2. What is the difference between SEM and conventional optical microscope?
Answer: The main difference between SEM and optical microscope is the "light source" they use. An optical microscope uses visible light to illuminate a sample, while an SEM uses an electron beam. Because the wavelength of electrons is much smaller than visible light, SEM can achieve resolutions that far exceed those of optical microscopes. In addition, SEM provides a three-dimensional image of the sample surface, attributes to the way electrons interact with the sample surface, while an optical microscope gives a perspective two-dimensional image.
3. What is the resolution of SEM?
Answer: The resolution of SEM is mainly affected by the diameter of the electron beam, the interaction volume between electrons and the sample, and the performance of the detector. Generally speaking, conventional SEM can achieve a resolution of 1 to 10 nanometers. But this is related to the equipment used, operating conditions and sample types. For example, some SEMs can achieve sub-nanometer resolution when using field emission guns and ultra-high vacuum conditions.

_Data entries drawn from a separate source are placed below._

(* Let $G=(V,E)$ be an undirected graph, $a,b\in[0,1]$, $\vec{x}\in\mathbb{R}^n$ non-negative with $\|\vec{x}\|_1=1$, and $(w_i)_{i\ge0}$ a non-negative weight sequence with $\sum_{i\ge0}w_i=1$ such that there exist a constant $L_0\ge1$ and a constant $\lambda<1$ with $w_i\lambda_{\max}^i\le\lambda^i$ for all $i\ge L_0$, where $\lambda_{\max}$ is the maximum singular value of $\mathbf{P}=\mathbf{D}^{-a}\mathbf{A}\mathbf{D}^{-b}$. Let $\delta\in(0,1)$, $\vec{\pi}=\sum_{i=0}^\infty w_i\mathbf{P}^i\vec{x}$ and, for an integer $L$, $\vec{\pi}_L=\sum_{i=0}^{L}w_i\mathbf{P}^i\vec{x}$. Then for $L=\max\{L_0,\lceil\log_\lambda((1-\lambda)\delta/19)\rceil\}=O(\log(1/\delta))$ we have $\left\|\sum_{i=L+1}^\infty w_i\mathbf{P}^i\vec{x}\right\|_2\le\delta/19$, and consequently: if $\hat{\vec{\pi}}\in\mathbb{R}^n$ satisfies $|\vec{\pi}_L(v)-\hat{\vec{\pi}}(v)|\le\frac{1}{20}\vec{\pi}_L(v)$ for every $v\in V$ with $\vec{\pi}_L(v)>\frac{18}{19}\delta$, then $|\vec{\pi}(v)-\hat{\vec{\pi}}(v)|\le\frac{1}{10}\vec{\pi}(v)$ for every $v\in V$ with $\vec{\pi}(v)\ge\delta$.
   Context: $G=(V,E)$ has $n$ nodes; $\mathbf{A}$ is its adjacency matrix and $\mathbf{D}$ the diagonal degree matrix with $\mathbf{D}(i,i)=\sum_j\mathbf{A}(i,j)$. *)

theory Defs
  imports "HOL-Analysis.Analysis"
begin

definition undirected_graph :: "('n \<Rightarrow> 'n \<Rightarrow> bool) \<Rightarrow> bool" where
  "undirected_graph E \<longleftrightarrow> (\<forall>u v. E u v \<longleftrightarrow> E v u) \<and> (\<forall>v. \<not> E v v)"

definition adj_mat :: "('n::finite \<Rightarrow> 'n \<Rightarrow> bool) \<Rightarrow> real^'n^'n" where
  "adj_mat E = (\<chi> i j. if E i j then 1 else 0)"

definition degree :: "('n::finite \<Rightarrow> 'n \<Rightarrow> bool) \<Rightarrow> 'n \<Rightarrow> real" where
  "degree E i = (\<Sum>j\<in>UNIV. adj_mat E $ i $ j)"

text \<open>P = D^(-a) A D^(-b), entrywise P(i,j) = d_i^(-a) A(i,j) d_j^(-b).
  (Rows/columns of isolated vertices are zero since A vanishes there.)\<close>

definition trans_mat :: "('n::finite \<Rightarrow> 'n \<Rightarrow> bool) \<Rightarrow> real \<Rightarrow> real \<Rightarrow> real^'n^'n" where
  "trans_mat E a b = (\<chi> i j. degree E i powr (-a) * adj_mat E $ i $ j * degree E j powr (-b))"

primrec matpow :: "real^'n^'n \<Rightarrow> nat \<Rightarrow> real^'n^'n" where
  "matpow M 0 = mat 1"
| "matpow M (Suc k) = M ** matpow M k"

definition max_singular_value :: "real^'n^'n \<Rightarrow> real" where
  "max_singular_value M =
     sqrt (Max {\<mu>. \<exists>v. v \<noteq> 0 \<and> (transpose M ** M) *v v = \<mu> *\<^sub>R v})"

end

theory Submission
  imports Defs
begin

text \<open>A unit vector u maximising |P u| is an eigenvector of P^T P with eigenvalue |P u|^2
  (the first-order condition of the Rayleigh quotient), so |P y| \<le> \<sigma> |y| for the maximum singular
  value \<sigma>. As |x|_2 \<le> |x|_1 = 1, the i-th term of the series has norm at most w_i \<sigma>^i \<le> \<lambda>^i for
  i \<ge> L_0, and the tail beyond L is at most \<lambda>^(L+1) / (1 - \<lambda>) \<le> \<lambda>\<delta>/19 < \<delta>/19 by the choice
  of L. Since P, x and w are nonnegative, the tail is also componentwise nonnegative, so
  \<pi>(v) \<ge> \<delta> forces \<pi>_L(v) > 18\<delta>/19 and the two error bounds combine.\<close>

definition eigenvalues :: "real^'n^'n \<Rightarrow> real set" where
  "eigenvalues M = {\<mu>. \<exists>v. v \<noteq> 0 \<and> M *v v = \<mu> *\<^sub>R v}"

lemma max_singular_value_eq_sqrt_Max_eigenvalues:
  "max_singular_value M = sqrt (Max (eigenvalues (transpose M ** M)))"
  unfolding max_singular_value_def eigenvalues_def ..

lemma inner_transpose_mult_self:
  fixes P :: "real^'n::finite^'n"
  shows "((transpose P ** P) *v y) \<bullet> z = (P *v y) \<bullet> (P *v z)"
  by (simp add: matrix_vector_mul_assoc[symmetric] dot_lmul_matrix)

lemma finite_eigenvalues_if_self_adjoint:
  fixes M :: "real^'n::finite^'n"
  assumes self_adjoint: "\<And>y z. (M *v y) \<bullet> z = y \<bullet> (M *v z)"
  shows "finite (eigenvalues M)"
proof -
  define eigvec where "eigvec \<mu> = (SOME v. v \<noteq> 0 \<and> M *v v = \<mu> *\<^sub>R v)" for \<mu>
  have eigvec: "eigvec \<mu> \<noteq> 0" "M *v eigvec \<mu> = \<mu> *\<^sub>R eigvec \<mu>" if "\<mu> \<in> eigenvalues M" for \<mu>
    using someI_ex[OF that[unfolded eigenvalues_def mem_Collect_eq]] unfolding eigvec_def by blast+
  have orth: "eigvec \<mu> \<bullet> eigvec \<nu> = 0"
    if "\<mu> \<in> eigenvalues M" "\<nu> \<in> eigenvalues M" "\<mu> \<noteq> \<nu>" for \<mu> \<nu>
  proof -
    have "\<mu> * (eigvec \<mu> \<bullet> eigvec \<nu>) = \<nu> * (eigvec \<mu> \<bullet> eigvec \<nu>)"
      using self_adjoint[of "eigvec \<mu>" "eigvec \<nu>"] eigvec(2)[OF that(1)] eigvec(2)[OF that(2)]
      by simp
    thus ?thesis using that(3) by simp
  qed
  have "inj_on eigvec (eigenvalues M)"
    by (rule inj_onI) (metis orth eigvec(1) inner_eq_zero_iff)
  moreover have "independent (eigvec ` eigenvalues M)"
  proof (rule pairwise_orthogonal_independent)
    show "pairwise orthogonal (eigvec ` eigenvalues M)"
      unfolding pairwise_def orthogonal_def by (metis imageE orth)
  qed (auto dest: eigvec(1))
  ultimately show ?thesis
    using independent_bound finite_imageD by blast
qed

lemma linear_coeff_eq_0_if_quadratic_nonpos:
  fixes A B :: real
  assumes "\<And>t. 2 * t * A + t^2 * B \<le> 0"
  shows "A = 0"
proof -
  define c where "c = \<bar>B\<bar> + 1"
  have "c > 0" "2 * c + B > 0" unfolding c_def by auto
  have "(2 * (A / c) * A + (A / c)^2 * B) * c^2 \<le> 0"
    using assms[of "A / c"] by (simp add: mult_nonpos_nonneg)
  also have "(2 * (A / c) * A + (A / c)^2 * B) * c^2 = A^2 * (2 * c + B)"
    using \<open>c > 0\<close> by (simp add: field_simps power2_eq_square)
  finally have "A^2 \<le> 0"
    using \<open>2 * c + B > 0\<close> by (simp add: mult_le_0_iff)
  thus ?thesis by simp
qed

lemma norm_add_scaleR_power2:
  fixes a b :: "'a::real_inner"
  shows "norm (a + t *\<^sub>R b) ^ 2 = norm a ^ 2 + 2 * t * (a \<bullet> b) + t^2 * norm b ^ 2"
  unfolding power2_norm_eq_inner
  by (simp add: inner_add_left inner_add_right inner_commute power2_eq_square algebra_simps)

lemma eigenvector_if_maximises_norm_ratio:
  fixes P :: "real^'n::finite^'n"
  assumes "norm u = 1"
    and max: "\<And>y. norm (P *v y)^2 \<le> norm (P *v u)^2 * norm y^2"
  shows "(transpose P ** P) *v u = norm (P *v u)^2 *\<^sub>R u"
proof -
  define \<mu> where "\<mu> = norm (P *v u)^2"
  have "(P *v u) \<bullet> (P *v h) = \<mu> * (u \<bullet> h)" for h
  proof -
    have "2 * t * ((P *v u) \<bullet> (P *v h) - \<mu> * (u \<bullet> h))
            + t^2 * (norm (P *v h)^2 - \<mu> * norm h ^ 2) \<le> 0" for t
      using max[of "u + t *\<^sub>R h"] \<open>norm u = 1\<close>
      by (simp add: matrix_vector_right_distrib matrix_vector_mult_scaleR
          norm_add_scaleR_power2 \<mu>_def algebra_simps)
    from linear_coeff_eq_0_if_quadratic_nonpos[OF this] show ?thesis by simp
  qed
  hence "\<forall>h. ((transpose P ** P) *v u) \<bullet> h = (\<mu> *\<^sub>R u) \<bullet> h"
    by (simp add: inner_transpose_mult_self)
  thus ?thesis unfolding vector_eq_rdot \<mu>_def .
qed

lemma norm_ratio_attains_max:
  fixes P :: "real^'n::finite^'n"
  obtains u where "norm u = 1" "\<And>y. norm (P *v y)^2 \<le> norm (P *v u)^2 * norm y^2"
proof -
  have "continuous_on (sphere 0 1) (\<lambda>y. norm (P *v y)^2)"
    by (intro continuous_intros linear_continuous_on matrix_vector_mul_linear)
  moreover have "sphere (0::real^'n) 1 \<noteq> {}"
    by simp
  ultimately obtain u where u: "u \<in> sphere (0::real^'n) 1"
    and umax: "\<And>y. y \<in> sphere 0 1 \<Longrightarrow> norm (P *v y)^2 \<le> norm (P *v u)^2"
    using continuous_attains_sup[OF compact_sphere] by blast
  have "norm (P *v y)^2 \<le> norm (P *v u)^2 * norm y^2" for y
  proof (cases "y = 0")
    case False
    have "norm (P *v y) = norm y * norm (P *v (y /\<^sub>R norm y))"
      using False by (simp add: matrix_vector_mult_scaleR)
    moreover have "norm (P *v (y /\<^sub>R norm y))^2 \<le> norm (P *v u)^2"
      using False by (intro umax) simp
    ultimately show ?thesis
      by (simp add: power_mult_distrib mult.commute mult_left_mono)
  qed simp
  with u show ?thesis
    using that by simp
qed

lemma norm_matrix_vector_mult_le_max_singular_value:
  fixes P :: "real^'n::finite^'n"
  shows "norm (P *v y) \<le> max_singular_value P * norm y"
proof -
  obtain u where u: "norm u = 1" and umax: "\<And>y. norm (P *v y)^2 \<le> norm (P *v u)^2 * norm y^2"
    using norm_ratio_attains_max[of P] by blast
  have "u \<noteq> 0"
    using u by auto
  hence "norm (P *v u)^2 \<in> eigenvalues (transpose P ** P)"
    unfolding eigenvalues_def using eigenvector_if_maximises_norm_ratio[OF u umax] by blast
  moreover have "finite (eigenvalues (transpose P ** P))"
    by (rule finite_eigenvalues_if_self_adjoint) (metis inner_transpose_mult_self inner_commute)
  ultimately have "norm (P *v u)^2 \<le> Max (eigenvalues (transpose P ** P))"
    by simp
  hence "norm (P *v y)^2 \<le> Max (eigenvalues (transpose P ** P)) * norm y^2"
    using umax[of y] by (meson order_trans mult_right_mono zero_le_power2)
  hence "norm (P *v y) \<le> sqrt (Max (eigenvalues (transpose P ** P)) * norm y^2)"
    by (rule real_le_rsqrt)
  thus ?thesis by (simp add: max_singular_value_eq_sqrt_Max_eigenvalues real_sqrt_mult)
qed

4. Why can SEM provide three-dimensional surface images?
Answer: The images generated by SEM are based on the interaction of the sample surface with the incident electron beam. These interactions occur not only on the surface but also within the sample, but the interactions are strongest near the surface. As a result, SEM images capture minute details and textures on the sample surface, producing a natural three-dimensional visual effect. Compared with optical microscopy, SEM images show the actual surface morphology of the sample rather than the morphology obtained by projection in two dimensions.

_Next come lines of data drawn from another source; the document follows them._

(* Let $E=\bigsqcup_{v\in V}\delta(v)$ be a partition of a finite set, $n=|V|$, let $M=(E,\mathcal I)$ be a matroid, and suppose each $v\in V$ has a weak ranking $\succ_v$ on $\delta(v)$. Then the popular common independent set polytope, i.e., the convex hull in $\mathbb R^E$ of the incidence vectors of all popular common independent sets, is a projection of a face of a matroid intersection polytope. Specifically, let $E'=E\cup\{e_v:v\in V\}$ with new elements $e_v$, let $P$ be the partition matroid on $E'$ with blocks $\delta(v)\cup\{e_v\}$ ($v\in V$), and let $M'$ be the matroid on $E'$ whose independent sets are those $X\subseteq E'$ with $X\cap E\in\mathcal I$ and $|X|\le n$; then there is a face of the convex hull of incidence vectors of common independent sets of $P$ and $M'$ whose image under the coordinate projection $\mathbb R^{E'}\to\mathbb R^{E}$ equals the popular common independent set polytope.
   Context: A weak ranking is a partial order $\succ_v$ (irreflexive, transitive) such that the indifference relation $e\sim_v f$ (meaning neither $e\succ_v f$ nor $f\succ_v e$) is transitive. A common independent set is a set $I\in\mathcal I$ with $|I\cap\delta(v)|\le 1$ for all $v$. For common independent sets $I,I'$, $v$ prefers $I$ to $I'$ if either $I\cap\delta(v)\ne\emptyset=I'\cap\delta(v)$, or $I\cap\delta(v)=\{e\}$, $I'\cap\delta(v)=\{f\}$ with $e\succ_v f$; $\phi(I,I')$ is the number of such $v$; $I$ is popular if $\phi(I,I')\ge\phi(I',I)$ for all common independent sets $I'$. *)

theory Defs
  imports "HOL-Analysis.Analysis"
begin

definition matroid :: "'a set \<Rightarrow> 'a set set \<Rightarrow> bool" where
  "matroid E \<I> \<longleftrightarrow>
     finite E \<and>
     (\<forall>I\<in>\<I>. I \<subseteq> E) \<and>
     {} \<in> \<I> \<and>
     (\<forall>I J. J \<in> \<I> \<longrightarrow> I \<subseteq> J \<longrightarrow> I \<in> \<I>) \<and>
     (\<forall>I J. I \<in> \<I> \<longrightarrow> J \<in> \<I> \<longrightarrow> card I < card J \<longrightarrow>
        (\<exists>e\<in>J - I. insert e I \<in> \<I>))"

definition is_partition :: "'a set \<Rightarrow> 'v set \<Rightarrow> ('v \<Rightarrow> 'a set) \<Rightarrow> bool" where
  "is_partition E V \<delta> \<longleftrightarrow>
     (\<forall>v\<in>V. \<delta> v \<noteq> {}) \<and>
     (\<Union>v\<in>V. \<delta> v) = E \<and>
     (\<forall>v\<in>V. \<forall>w\<in>V. v \<noteq> w \<longrightarrow> \<delta> v \<inter> \<delta> w = {})"

definition weak_ranking :: "'a set \<Rightarrow> ('a \<Rightarrow> 'a \<Rightarrow> bool) \<Rightarrow> bool" where
  "weak_ranking S r \<longleftrightarrow>
     (\<forall>e\<in>S. \<not> r e e) \<and>
     (\<forall>e\<in>S. \<forall>f\<in>S. \<forall>g\<in>S. r e f \<longrightarrow> r f g \<longrightarrow> r e g) \<and>
     (\<forall>e\<in>S. \<forall>f\<in>S. \<forall>g\<in>S.
        (\<not> r e f \<and> \<not> r f e) \<longrightarrow> (\<not> r f g \<and> \<not> r g f) \<longrightarrow> (\<not> r e g \<and> \<not> r g e))"

definition common_indep :: "'a set set \<Rightarrow> 'v set \<Rightarrow> ('v \<Rightarrow> 'a set) \<Rightarrow> 'a set \<Rightarrow> bool" where
  "common_indep \<I> V \<delta> I \<longleftrightarrow> I \<in> \<I> \<and> (\<forall>v\<in>V. card (I \<inter> \<delta> v) \<le> 1)"

definition prefers :: "('v \<Rightarrow> 'a set) \<Rightarrow> ('v \<Rightarrow> 'a \<Rightarrow> 'a \<Rightarrow> bool) \<Rightarrow> 'v \<Rightarrow> 'a set \<Rightarrow> 'a set \<Rightarrow> bool" where
  "prefers \<delta> pref v I I' \<longleftrightarrow>
     (I \<inter> \<delta> v \<noteq> {} \<and> I' \<inter> \<delta> v = {}) \<or>
     (\<exists>e f. I \<inter> \<delta> v = {e} \<and> I' \<inter> \<delta> v = {f} \<and> pref v e f)"

definition phi :: "'v set \<Rightarrow> ('v \<Rightarrow> 'a set) \<Rightarrow> ('v \<Rightarrow> 'a \<Rightarrow> 'a \<Rightarrow> bool) \<Rightarrow> 'a set \<Rightarrow> 'a set \<Rightarrow> nat" where
  "phi V \<delta> pref I I' = card {v\<in>V. prefers \<delta> pref v I I'}"

definition popular :: "'a set set \<Rightarrow> 'v set \<Rightarrow> ('v \<Rightarrow> 'a set) \<Rightarrow> ('v \<Rightarrow> 'a \<Rightarrow> 'a \<Rightarrow> bool) \<Rightarrow> 'a set \<Rightarrow> bool" where
  "popular \<I> V \<delta> pref I \<longleftrightarrow>
     common_indep \<I> V \<delta> I \<and>
     (\<forall>I'. common_indep \<I> V \<delta> I' \<longrightarrow> phi V \<delta> pref I I' \<ge> phi V \<delta> pref I' I)"

definition incidence :: "'i set \<Rightarrow> real ^ ('i::finite)" where
  "incidence X = (\<chi> i. if i \<in> X then 1 else 0)"

text \<open>Extended ground set E' = E \<union> {e_v}, with E embedded via Inl and e_v = Inr v.\<close>
definition ext_ground :: "'a set \<Rightarrow> 'v set \<Rightarrow> ('a + 'v) set" where
  "ext_ground E V = Inl ` E \<union> Inr ` V"

definition partition_indep :: "'a set \<Rightarrow> 'v set \<Rightarrow> ('v \<Rightarrow> 'a set) \<Rightarrow> ('a + 'v) set set" where
  "partition_indep E V \<delta> =
     {X. X \<subseteq> ext_ground E V \<and> (\<forall>v\<in>V. card (X \<inter> (Inl ` \<delta> v \<union> {Inr v})) \<le> 1)}"

definition ext_indep :: "'a set \<Rightarrow> 'v set \<Rightarrow> 'a set set \<Rightarrow> ('a + 'v) set set" where
  "ext_indep E V \<I> =
     {X. X \<subseteq> ext_ground E V \<and> {a. Inl a \<in> X} \<in> \<I> \<and> card X \<le> card V}"

definition proj_E :: "real ^ ('a::finite + 'v::finite) \<Rightarrow> real ^ 'a" where
  "proj_E x = (\<chi> a. x $ Inl a)"

end

theory Submission
  imports Defs
begin

(* Call a vertex deficient for a common independent set I if I does not use one of its top edges
   (most preferred non-loops). An alternating path starts at a deficient vertex and rematches each
   vertex along an edge at least as good as its current one, displacing the edge of I at the next
   vertex. For popular I, the unique matching lemma turns a shortest such path that ends in a free
   edge, back at its start, or at another deficient vertex into an exchange that beats I. Hence
   every edge usable at a reachable vertex is spanned by the edges of I at the reachable
   non-deficient vertices, and the number of non-deficient vertices attains the min-max bound
   min_A |A| + r(top edges of V - A). The least minimizer A gives a set C = cl(top edges of V - A)
   that does not depend on I, and I is popular iff I meets C in a basis of C, uses C only along top
   edges of vertices whose top edges all lie in C, and C contains every edge that a deficient vertex
   prefers to its own. For the lift of I to E' (add e_v for every unmatched v) these become
   conditions on single elements together with |X| = n and |X meets C| = r(C), so the lifts of the
   popular sets are the maximizers of a linear function, and they span a face. *)

section \<open>Matroids\<close>

locale fin_matroid =
  fixes E :: "'a set" and Ind :: "'a set set"
  assumes matroid: "matroid E Ind"
begin

lemma finite_ground: "finite E"
  using matroid unfolding matroid_def by blast

lemma indep_subset_ground: "I \<in> Ind \<Longrightarrow> I \<subseteq> E"
  using matroid unfolding matroid_def by blast

lemma indep_empty: "{} \<in> Ind"
  using matroid unfolding matroid_def by blast

lemma indep_subset: "J \<in> Ind \<Longrightarrow> I \<subseteq> J \<Longrightarrow> I \<in> Ind"
  using matroid unfolding matroid_def by blast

5. What are secondary electrons?
Answer: Secondary electrons refer to low-energy electrons that are excited from the sample when the incident electron beam of the SEM hits the surface of the sample. Their energies are usually less than 50 electron volts. When an electron beam strikes a sample, it transfers some of its energy to the electrons of sample, causing those electrons to gain enough energy to escape from the atoms. These escaped electrons are called secondary electrons. Since secondary electrons mainly originate from tiny areas on the sample surface, they provide critical information for producing high-resolution SEM images.
6. Do SEM samples require special treatment?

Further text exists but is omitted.